Epoch 1/50	Loss: 0.5043	Metrics: 0.6983: 	Validation metrics: 0.7473: 	100% | 104/104 [00:02<00:00, 41.39it/s]
Epoch 2/50	Loss: 0.4802	Metrics: 0.7557: 	Validation metrics: 0.7632: 	100% | 104/104 [00:00<00:00, 155.87it/s]
Epoch 3/50	Loss: 0.4763	Metrics: 0.7676: 	Validation metrics: 0.7715: 	100% | 104/104 [00:00<00:00, 158.01it/s]
Epoch 4/50	Loss: 0.4678	Metrics: 0.7712: 	Validation metrics: 0.7763: 	100% | 104/104 [00:00<00:00, 154.47it/s]
Epoch 5/50	Loss: 0.4661	Metrics: 0.7743: 	Validation metrics: 0.7783: 	100% | 104/104 [00:00<00:00, 158.19it/s]
Epoch 6/50	Loss: 0.4577	Metrics: 0.7766: 	Validation metrics: 0.7800: 	100% | 104/104 [00:00<00:00, 157.13it/s]
Epoch 7/50	Loss: 0.4593	Metrics: 0.7782: 	Validation metrics: 0.7836: 	100% | 104/104 [00:00<00:00, 154.64it/s]
Epoch 8/50	Loss: 0.4565	Metrics: 0.7796: 	Validation metrics: 0.7820: 	100% | 104/104 [00:00<00:00, 158.28it/s]
Epoch 9/50	Loss: 0.4499	Metrics: 0.7807: 	Validation metrics: 0.7825: 	100% | 104/104 [00:00<00:00, 157.2

In [14]:
# quick evaluation
model.evaluate(X_test, y_test, batch_size=batch_size)

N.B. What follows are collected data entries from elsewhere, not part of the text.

lemma Kset_convergent_subseq:
  fixes X :: "nat \<Rightarrow> real \<Rightarrow> 'a::euclidean_space"
  assumes s: "suitable_moduli \<Theta>" and vq: "valid_ivl q" and X: "\<And>n. X n \<in> Kset \<Theta> q j"
  obtains g k where "g \<in> Kset \<Theta> q j" "strict_mono (k :: nat \<Rightarrow> nat)"
    "uniform_limit (ivl q) (\<lambda>n. X (k n)) g sequentially"
proof -
  have cS: "compact (ivl q)" by (simp add: ivl_def)
  obtain g k where g: "continuous_on (ivl q) g" "strict_mono (k :: nat \<Rightarrow> nat)"
    "\<And>e. 0 < e \<Longrightarrow> \<exists>N. \<forall>n x. n \<ge> N \<and> x \<in> ivl q \<longrightarrow> norm (X (k n) x - g x) < e"
  proof (rule Arzela_Ascoli[OF cS, of X "real j"])
    show "\<And>n x. x \<in> ivl q \<Longrightarrow> norm (X n x) \<le> real j" using Kset_bound[OF X] by blast
    fix x e assume x: "x \<in> ivl q" and e: "(0::real) < e"
    obtain d where d: "d > 0" "\<And>r. 0 \<le> r \<Longrightarrow> r < d \<Longrightarrow> \<Theta> q j r < e"
      using suitable_moduli_small[OF s vq e] by blast
    show "\<exists>d>0. \<forall>n y. y \<in> ivl q \<and> norm (x - y) < d \<longrightarrow> norm (X n x - X n y) < e"
    proof (intro exI[of _ d] conjI allI impI)
      fix n y assume y: "y \<in> ivl q \<and> norm (x - y) < d"
      then have "norm (X n x - X n y) \<le> \<Theta> q j \<bar>x - y\<bar>" "\<Theta> q j \<bar>x - y\<bar> < e"
        using Kset_modulus[OF X _ x, of y n] d(2)[of "\<bar>x - y\<bar>"] by auto
      then show "norm (X n x - X n y) < e" by simp
    qed (use d in auto)
  qed blast
  have ul: "uniform_limit (ivl q) (\<lambda>n. X (k n)) g sequentially"
    unfolding uniform_limit_sequentially_iff dist_norm using g(3) by blast
  have ptw: "\<And>u. u \<in> ivl q \<Longrightarrow> (\<lambda>n. X (k n) u) \<longlonglongrightarrow> g u"
    using tendsto_uniform_limitI[OF ul] by blast
  have "g \<in> Kset \<Theta> q j"
    unfolding Kset_def
  proof (intro CollectI conjI ballI)
    show "continuous_on (ivl q) g" by (rule g(1))
    fix u assume u: "u \<in> ivl q"
    show "norm (g u) \<le> real j"
      by (rule LIMSEQ_le_const2[OF tendsto_norm[OF ptw[OF u]]]) (use Kset_bound[OF X u] in auto)
  next
    fix u v assume u: "u \<in> ivl q" and v: "v \<in> ivl q"
    show "norm (g v - g u) \<le> \<Theta> q j \<bar>v - u\<bar>"
      by (rule LIMSEQ_le_const2[OF tendsto_norm[OF tendsto_diff[OF ptw[OF v] ptw[OF u]]]])
         (use Kset_modulus[OF X u v] in auto)
  qed
  then show ?thesis using that g(2) ul by blast
qed

text \<open>Condition (W) upgraded, by compactness of Kset \<Theta> q j, from sequential continuity
  to uniform continuity of the curve integral.\<close>
lemma curve_int_uniformly_continuous:
  fixes h :: "real \<Rightarrow> 'a::euclidean_space \<Rightarrow> 'b::euclidean_space"
  assumes s: "suitable_moduli \<Theta>" and h: "h \<in> WTC \<Theta>" and vq: "valid_ivl q" and ep: "0 < \<epsilon>"
  shows "\<exists>\<eta>>0. \<forall>x\<in>Kset \<Theta> q j. \<forall>y\<in>Kset \<Theta> q j. (\<forall>u\<in>ivl q. norm (x u - y u) \<le> \<eta>) \<longrightarrow>
    norm (curve_int q h x - curve_int q h y) < \<epsilon>"
proof (rule ccontr)
  assume "\<not> ?thesis"
  then have "\<forall>n::nat. \<exists>x\<in>Kset \<Theta> q j. \<exists>y\<in>Kset \<Theta> q j. (\<forall>u\<in>ivl q. norm (x u - y u) \<le> inverse (real (Suc n))) \<and>
      \<epsilon> \<le> norm (curve_int q h x - curve_int q h y)"
    by (metis inverse_positive_iff_positive of_nat_0_less_iff zero_less_Suc not_less)
  then obtain X Y where X: "\<And>n. X n \<in> Kset \<Theta> q j" and Y: "\<And>n. Y n \<in> Kset \<Theta> q j"
    and XY: "\<And>n. \<forall>u\<in>ivl q. norm (X n u - Y n u) \<le> inverse (real (Suc n))"
    and far: "\<And>n. \<epsilon> \<le> norm (curve_int q h (X n) - curve_int q h (Y n))"
    by metis
  obtain g k where g: "g \<in> Kset \<Theta> q j" and k: "strict_mono k"
    and ulX: "uniform_limit (ivl q) (\<lambda>n. X (k n)) g sequentially"
    by (rule Kset_convergent_subseq[OF s vq X])
  have "(\<lambda>n. inverse (real (Suc (k n)))) \<longlonglongrightarrow> 0"
    using LIMSEQ_subseq_LIMSEQ[OF LIMSEQ_inverse_real_of_nat k] by (simp add: o_def)
  with ulX have ulY: "uniform_limit (ivl q) (\<lambda>n. Y (k n)) g sequentially"
    by (rule uniform_limit_close) (use XY in \<open>auto simp: dist_norm norm_minus_commute\<close>)
  have "(\<lambda>n. curve_int q h (X (k n)) - curve_int q h (Y (k n))) \<longlonglongrightarrow> curve_int q h g - curve_int q h g"
    by (intro tendsto_diff condW_tendsto[OF h vq _ g] X Y ulX ulY)
  then obtain N where "\<forall>n\<ge>N. norm (curve_int q h (X (k n)) - curve_int q h (Y (k n))) < \<epsilon>"
    using LIMSEQ_D[OF _ ep] by fastforce
  then show False using far[of "k N"] by fastforce
qed

lemma indefinite_integral_along_curve_equicontinuous:
  fixes h :: "real \<Rightarrow> 'a::euclidean_space \<Rightarrow> 'b::euclidean_space"
  assumes h: "C1 h" and m: "mbound h (cball 0 (real j)) m" and ep: "0 < \<epsilon>"
  shows "\<exists>d>0. \<forall>y v v'. continuous_on {L..R} y \<longrightarrow> (\<forall>u\<in>{L..R}. norm (y u) \<le> real j) \<longrightarrow>
    v \<in> {L..R} \<longrightarrow> v' \<in> {L..R} \<longrightarrow> \<bar>v - v'\<bar> < d \<longrightarrow>
    norm (integral {L..v} (\<lambda>u. h u (y u)) - integral {L..v'} (\<lambda>u. h u (y u))) < \<epsilon>"
proof -
  have "uniformly_continuous_on {L..R} (\<lambda>v. integral {L..v} m)"
    by (rule compact_uniformly_continuous[OF indefinite_integral_continuous_1[OF mbound_integrable(1)[OF m]]]) simp
  then obtain d where d: "0 < d"
    "\<forall>v\<in>{L..R}. \<forall>v'\<in>{L..R}. dist v v' < d \<longrightarrow> dist (integral {L..v} m) (integral {L..v'} m) < \<epsilon>"
    using ep unfolding uniformly_continuous_on_def by metis
  show ?thesis
  proof (intro exI[of _ d] conjI allI impI)
    fix y :: "real \<Rightarrow> 'a" and v v' assume y: "continuous_on {L..R} y" "\<forall>u\<in>{L..R}. norm (y u) \<le> real j"
        and v: "v \<in> {L..R}" "v' \<in> {L..R}" "\<bar>v - v'\<bar> < d"
    have "norm (integral {L..v} (\<lambda>u. h u (y u)) - integral {L..v'} (\<lambda>u. h u (y u)))
        \<le> \<bar>integral {L..v} m - integral {L..v'} m\<bar>"
      by (rule indefinite_integral_along_curve_diff_le[OF h m y v(1,2)])
    also have "\<dots> < \<epsilon>" using d(2) v by (auto simp: dist_real_def)
    finally show "norm (integral {L..v} (\<lambda>u. h u (y u)) - integral {L..v'} (\<lambda>u. h u (y u))) < \<epsilon>" .
  qed (rule d(1))
qed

[0.45750078558921814, 0.7874637842178345]

Usually they get an accuracy of about 83% on this dataset. I am using only a tenth of the original size and I achieved 78% with an LSTM network. This could be better with some more tuning but in this project we're focusing on our batch selection algorithm.